Monday, July 12, 2010

Margaret Mead and successful persistence

1. Veteran White House correspondent Helen Thomas answered an innocuous question in a blatantly anti-semitic, anti-Israel manner [1]. Soon after, she resigned; and retired [2].

2. Yahoo displayed separate weather homepages for West and East Jerusalem [3], thus assigning the weather a gratuitously political significance. Soon after, it reverted to a single Jerusalem weather homepage [4].

3. CNN’s Senior Editor of Mideast Affairs Octavia Nasr publicly professed her respect for the recently dead Lebanese Grand Ayatollah Mohammed Hussein Fadlallah – an extremist sheikh and the spiritual father of Hizbollah [5]. Soon after, CNN sacked Nasr [6].

4. British Ambassador to Lebanon Frances Guy blogged her adultation for Fadlallah, on the official Foreign Office blog [7]. Soon after, Guy replaced the said blog post by one professing trenchant contrition [8].

5. The Daily Telegraph used a January 2009 photo to illustrate a story about mid June 2010 Gaza.
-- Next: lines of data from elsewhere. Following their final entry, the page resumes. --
text \<open>Substituting a closed value (ctx_vars D = []) cannot capture, so the substitution of the
  machine, which does not rename binders, is sound here.\<close>

lemma rty_subst:
  assumes "rty S t C" "(AVar x, A) \<in> set S" "rty D v A" "ctx_vars D = []"
  shows "rty (ctx_subst x D S) (subst t x v) C"
  using assms
proof (induction rule: rty.induct)
  case (rty_lam y A0 G t0 B)
  have "distinct (ctx_vars ((AVar y, A0) # G))"
    using rty_lam.hyps by (rule rty_distinct_vars)
  with rty_lam.prems(1) have "x \<noteq> y" using AVar_in_ctx_vars by fastforce
  with rty_lam show ?case by (auto intro: rty.rty_lam)
next
  case (rty_letp D0 t0 A0 G y u B)
  have u_distinct: "distinct (ctx_vars (G @ [(AVar y, A0)]))"
    using rty_letp.hyps(2) by (rule rty_distinct_vars)
  from rty_letp.prems(1) rty_letp.hyps(3) show ?case
  proof (cases rule: AVar_in_append_cases)
    case left
    with u_distinct have "x \<noteq> y" using AVar_in_ctx_vars by fastforce
    with left rty_letp show ?thesis
      using subst_fresh[OF rty_letp.hyps(1)] distinct_ctx_vars_ctx_subst[of D "G @ D0" x]
      by (auto intro!: rty.rty_letp)
  next
    case right
    with rty_letp show ?thesis
      using subst_fresh[OF rty_letp.hyps(2), of x] distinct_ctx_vars_ctx_subst[of D "G @ D0" x]
      by (auto intro!: rty.rty_letp)
  qed
next
  case (rty_letn D0 t0 A0 G y u B)
  have u_distinct: "distinct (ctx_vars (G @ [(AVar y, A0)]))"
    using rty_letn.hyps(2) by (rule rty_distinct_vars)
  from rty_letn.prems(1) rty_letn.hyps(3) show ?case
  proof (cases rule: AVar_in_append_cases)
    case left
    with u_distinct have "x \<noteq> y" using AVar_in_ctx_vars by fastforce
    with left rty_letn show ?thesis
      using subst_fresh[OF rty_letn.hyps(1)] distinct_ctx_vars_ctx_subst[of D "G @ D0" x]
      by (auto intro!: rty.rty_letn)
  next
    case right
    with rty_letn show ?thesis
      using subst_fresh[OF rty_letn.hyps(2), of x] distinct_ctx_vars_ctx_subst[of D "G @ D0" x]
      by (auto intro!: rty.rty_letn)
  qed
next
  case (rty_pair G v0 A0 D0 w0 B0)
  from rty_pair.prems(1) rty_pair.hyps(3) show ?case
    by (cases rule: AVar_in_append_cases)
      (use rty_pair subst_fresh[OF rty_pair.hyps(1)] subst_fresh[OF rty_pair.hyps(2)]
         distinct_ctx_vars_ctx_subst[of D "G @ D0" x] in \<open>auto intro!: rty.rty_pair\<close>)
next
  case (rty_app G w0 A0 D0 v0 B0)
  from rty_app.prems(1) rty_app.hyps(3) show ?case
    by (cases rule: AVar_in_append_cases)
      (use rty_app subst_fresh[OF rty_app.hyps(1)] subst_fresh[OF rty_app.hyps(2)]
         distinct_ctx_vars_ctx_subst[of D "G @ D0" x] in \<open>auto intro!: rty.rty_app\<close>)
next
  case (rty_dunit D0 v0 G G' t0 A0)
  from rty_dunit.prems(1) rty_dunit.hyps(3) show ?case
    by (cases rule: AVar_in_middle_cases)
      (use rty_dunit subst_fresh[OF rty_dunit.hyps(1)] subst_fresh[OF rty_dunit.hyps(2)]
         distinct_ctx_vars_ctx_subst[of D "G @ D0 @ G'" x] in \<open>auto intro!: rty.rty_dunit\<close>)
next
  case (rty_dpair D0 v0 A0 B0 G y z G' t0 C)
  have t_distinct: "distinct (ctx_vars (G @ (AVar y, A0) # (AVar z, B0) # G'))"
    using rty_dpair.hyps(2) by (rule rty_distinct_vars)
  from rty_dpair.prems(1) rty_dpair.hyps(3) show ?case
  proof (cases rule: AVar_in_middle_cases)
    case outer
    with t_distinct have "x \<noteq> y" "x \<noteq> z" using AVar_in_ctx_vars by fastforce+
    with outer rty_dpair show ?thesis
      using subst_fresh[OF rty_dpair.hyps(1)] distinct_ctx_vars_ctx_subst[of D "G @ D0 @ G'" x]
      by (auto intro!: rty.rty_dpair)
  next
    case middle
    with rty_dpair show ?thesis
      using subst_fresh[OF rty_dpair.hyps(2), of x] distinct_ctx_vars_ctx_subst[of D "G @ D0 @ G'" x]
      by (auto intro!: rty.rty_dpair)
  qed
next
  case (rty_dsum D0 v0 A0 B0 G y G' t0 C z u0)
  have t_distinct: "distinct (ctx_vars (G @ (AVar y, A0) # G'))"
    using rty_dsum.hyps(2) by (rule rty_distinct_vars)
  have u_distinct: "distinct (ctx_vars (G @ (AVar z, B0) # G'))"
    using rty_dsum.hyps(3) by (rule rty_distinct_vars)
  from rty_dsum.prems(1) rty_dsum.hyps(4) show ?case
  proof (cases rule: AVar_in_middle_cases)
    case outer
    with t_distinct u_distinct have "x \<noteq> y" "x \<noteq> z" using AVar_in_ctx_vars by fastforce+
    with outer rty_dsum show ?thesis
      using subst_fresh[OF rty_dsum.hyps(1)] distinct_ctx_vars_ctx_subst[of D "G @ D0 @ G'" x]
      by (auto intro!: rty.rty_dsum)
  next
    case middle
    with rty_dsum show ?thesis
      using subst_fresh[OF rty_dsum.hyps(2), of x] subst_fresh[OF rty_dsum.hyps(3), of x]
        distinct_ctx_vars_ctx_subst[of D "G @ D0 @ G'" x]
      by (auto intro!: rty.rty_dsum)
  qed
qed (auto intro: rty.intros)

lemma rty_subst_closed:
  assumes "rty (G @ (AVar x, A) # G') t C" "rty D v A" "ctx_vars D = []"
  shows "rty (G @ D @ G') (subst t x v) C"
  using rty_subst[OF assms(1), of x A D v] assms(2,3) rty_distinct_vars[OF assms(1)] by simp

text \<open>stack_ty S s A W: the stack s, holding the resources in S, turns a term of type A into
  one of type W.\<close>

inductive stack_ty :: "actx \<Rightarrow> stack \<Rightarrow> ty \<Rightarrow> ty \<Rightarrow> bool" where
  stack_ty_star: "stack_ty [] Star W W"
| stack_ty_let: "rty (G @ [(AVar x, A)]) u B \<Longrightarrow> stack_ty S s B W \<Longrightarrow>
     stack_ty (S @ G) (SLet x u e s) A W"
| stack_ty_val: "rty G w A \<Longrightarrow> stack_ty S s B W \<Longrightarrow>
     stack_ty (S @ G) (SVal w e s) (Lolli A B) W"
| stack_ty_proj1: "stack_ty S s A1 W \<Longrightarrow> stack_ty S (SProj1 e s) (With A1 A2) W"
| stack_ty_proj2: "stack_ty S s A2 W \<Longrightarrow> stack_ty S (SProj2 e s) (With A1 A2) W"

inductive_cases stack_ty_StarE: "stack_ty S Star A W"
inductive_cases stack_ty_SLetE: "stack_ty S (SLet x u e s) A W"
inductive_cases stack_ty_SValE: "stack_ty S (SVal w e s) A W"
inductive_cases stack_ty_SProj1E: "stack_ty S (SProj1 e s) A W"
inductive_cases stack_ty_SProj2E: "stack_ty S (SProj2 e s) A W"

inductive_cases rty_LetPE: "rty S (LetP x t u e) B"
inductive_cases rty_LetNE: "rty S (LetN x t u e) B"
inductive_cases rty_AppE: "rty S (App v w e) B"
inductive_cases rty_LamE: "rty S (Lam x t) B"
inductive_cases rty_Proj1E: "rty S (Proj1 v e) B"
inductive_cases rty_Proj2E: "rty S (Proj2 v e) B"
inductive_cases rty_WthE: "rty S (Wth t u) B"
inductive_cases rty_DPairE: "rty S (DPair v x y t e) B"
inductive_cases rty_PairE: "rty S (Pair v w) B"
inductive_cases rty_DUnitE: "rty S (DUnit v t e) B"
inductive_cases rty_UnitE: "rty S Unit B"
inductive_cases rty_DSumE: "rty S (DSum v x t y u e) B"
inductive_cases rty_Inj1E: "rty S (Inj1 v) B"
inductive_cases rty_Inj2E: "rty S (Inj2 v) B"
inductive_cases rty_NewE: "rty S New B"
inductive_cases rty_DeleteE: "rty S Delete B"
inductive_cases rty_ResE: "rty S (Res n) B"

lemma rty_LetN_contract: "rty D (LetN x v t e) A \<Longrightarrow> ctx_vars D = [] \<Longrightarrow> rty D (subst t x v) A"
  using rty_subst_closed[where G' = "[]"] by (fastforce elim: rty_LetNE)

lemma rty_DPair_contract:
  assumes "rty D (DPair (Pair v w) x y t e) C" "ctx_vars D = []"
  shows "rty D (subst (subst t x v) y w) C"
proof -
  from assms(1) obtain G D1 D2 G' A B where D: "D = G @ D1 @ D2 @ G'" "rty D1 v A" "rty D2 w B"
    and t: "rty (G @ (AVar x, A) # (AVar y, B) # G') t C"
    by (auto elim!: rty_DPairE rty_PairE)
  from t D assms(2) have "rty (G @ D1 @ (AVar y, B) # G') (subst t x v) C"
    by (auto intro: rty_subst_closed)
  then show ?thesis
    using rty_subst_closed[of "G @ D1" y B G' "subst t x v" C D2 w] D assms(2) by simp
qed

lemma rty_DUnit_contract: "rty D (DUnit Unit t e) A \<Longrightarrow> rty D t A"
  by (auto elim!: rty_DUnitE rty_UnitE)

lemma rty_DSum_Inj1_contract:
  "rty D (DSum (Inj1 v) x1 t1 x2 t2 e) C \<Longrightarrow> ctx_vars D = [] \<Longrightarrow> rty D (subst t1 x1 v) C"
  by (auto elim!: rty_DSumE rty_Inj1E intro: rty_subst_closed)

lemma rty_DSum_Inj2_contract:
  "rty D (DSum (Inj2 v) x1 t1 x2 t2 e) C \<Longrightarrow> ctx_vars D = [] \<Longrightarrow> rty D (subst t2 x2 v) C"
  by (auto elim!: rty_DSumE rty_Inj2E intro: rty_subst_closed)

inductive cfg_inv :: "freelist \<Rightarrow> ty \<Rightarrow> cmd \<Rightarrow> bool" where
  cfg_invI: "stack_ty S s A W \<Longrightarrow> rty D t A \<Longrightarrow> ctx_vars (S @ D) = [] \<Longrightarrow>
    l0 = ctx_res (S @ D) @ l \<Longrightarrow> cfg_inv l0 W (t, s, l, e)"

lemma cfg_inv_contract:
  assumes "cfg_inv l0 W (t, s, l, e)"
    and "\<And>D A. rty D t A \<Longrightarrow> ctx_vars D = [] \<Longrightarrow> rty D t' A"
  shows "cfg_inv l0 W (t', s, l, e')"
  using assms by (auto elim!: cfg_inv.cases intro!: cfg_invI)

lemma cfg_inv_ret:
  assumes "cfg_inv l0 W (v, SLet x t e s, l, Pos)"
  shows "cfg_inv l0 W (subst t x v, s, l, e)"
proof -
  from assms obtain S D A where inv: "stack_ty S (SLet x t e s) A W" "rty D v A"
    "ctx_vars (S @ D) = []" "l0 = ctx_res (S @ D) @ l" by (auto elim: cfg_inv.cases)
  from inv(1) obtain S' G B where "S = S' @ G" "rty (G @ [(AVar x, A)]) t B" "stack_ty S' s B W"
    by (auto elim: stack_ty_SLetE)
  with inv show ?thesis using rty_subst_closed[of G x A "[]" t B D v]
    by (auto intro!: cfg_invI[of S' _ B _ "G @ D"])
qed

lemma cfg_inv_lam:
  assumes "cfg_inv l0 W (Lam x t, SVal v e s, l, Neg)"
  shows "cfg_inv l0 W (subst t x v, s, l, e)"
proof -
  from assms obtain S D A where inv: "stack_ty S (SVal v e s) A W" "rty D (Lam x t) A"
    "ctx_vars (S @ D) = []" "l0 = ctx_res (S @ D) @ l" by (auto elim: cfg_inv.cases)
  from inv(2) obtain A1 B where A: "A = Lolli A1 B" "rty ((AVar x, A1) # D) t B"
    by (auto elim: rty_LamE)
  from inv(1) A(1) obtain S' G where "S = S' @ G" "rty G v A1" "stack_ty S' s B W"
    by (auto elim: stack_ty_SValE)
  with inv A show ?thesis using rty_subst_closed[of "[]" x A1 D t B G v]
    by (auto intro!: cfg_invI[of S' _ B _ "G @ D"])
qed

lemma cfg_inv_new_cons:
  assumes "cfg_inv l0 W (New, SVal Unit e s, n # l, Neg)"
  shows "cfg_inv l0 W (Inj1 (Res n), s, l, Pos)"
proof -
  from assms obtain S D A where inv: "stack_ty S (SVal Unit e s) A W" "rty D New A"
    "ctx_vars (S @ D) = []" "l0 = ctx_res (S @ D) @ n # l" by (auto elim: cfg_inv.cases)
  from inv(2) have "D = []" "A = Lolli One (Plus R One)" by (auto elim: rty_NewE)
  with inv(1) obtain S' G where "S = S' @ G" "rty G Unit One" "stack_ty S' s (Plus R One) W"
    by (auto elim: stack_ty_SValE)
  with inv \<open>D = []\<close> show ?thesis
    by (auto elim!: rty_UnitE intro!: cfg_invI[of S' _ "Plus R One" _ "[(ARes n, R)]"] rty.intros)
qed

lemma cfg_inv_new_nil:
  assumes "cfg_inv l0 W (New, SVal Unit e s, [], Neg)"
  shows "cfg_inv l0 W (Inj2 Unit, s, [], Pos)"
proof -
  from assms obtain S D A where inv: "stack_ty S (SVal Unit e s) A W" "rty D New A"
    "ctx_vars (S @ D) = []" "l0 = ctx_res (S @ D)" by (auto elim: cfg_inv.cases)
  from inv(2) have "D = []" "A = Lolli One (Plus R One)" by (auto elim: rty_NewE)
  with inv(1) obtain S' G where "S = S' @ G" "rty G Unit One" "stack_ty S' s (Plus R One) W"
    by (auto elim: stack_ty_SValE)
  with inv \<open>D = []\<close> show ?thesis
    by (auto elim!: rty_UnitE intro!: cfg_invI[of S' _ "Plus R One" _ "[]"] rty.intros)
qed

lemma cfg_inv_delete:
  assumes "cfg_inv l0 W (Delete, SVal (Res n) e s, l, Neg)"
  shows "cfg_inv l0 W (Unit, s, n # l, Pos)"
proof -
  from assms obtain S D A where inv: "stack_ty S (SVal (Res n) e s) A W" "rty D Delete A"
    "ctx_vars (S @ D) = []" "l0 = ctx_res (S @ D) @ l" by (auto elim: cfg_inv.cases)
  from inv(2) have "D = []" "A = Lolli R One" by (auto elim: rty_DeleteE)
  with inv(1) obtain S' G where "S = S' @ G" "rty G (Res n) R" "stack_ty S' s One W"
    by (auto elim: stack_ty_SValE)
  with inv \<open>D = []\<close> show ?thesis
    by (auto elim!: rty_ResE intro!: cfg_invI[of S' _ One _ "[]"] rty.intros)
qed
Soon after, it replaced it with a recent photo [9].

Margaret Mead (1901-78) (pictured) was an America cultural anthropologist [10]. She was responsible for several memorable quotations [11, 12]. Perhaps the most famous one is ‘Never doubt that a small group of thoughtful, committed citizens can change the world. Indeed, it is the only thing that ever has’. How true. When the odds appear overwhelming, a few people acting persistently to change what they believe is unjust and wrong, can achieve the seemingly unachievable.

1 comment:

Chris Burrows said...

Excellent quote and one I use quite a bit,glad to see that these reversals are happening.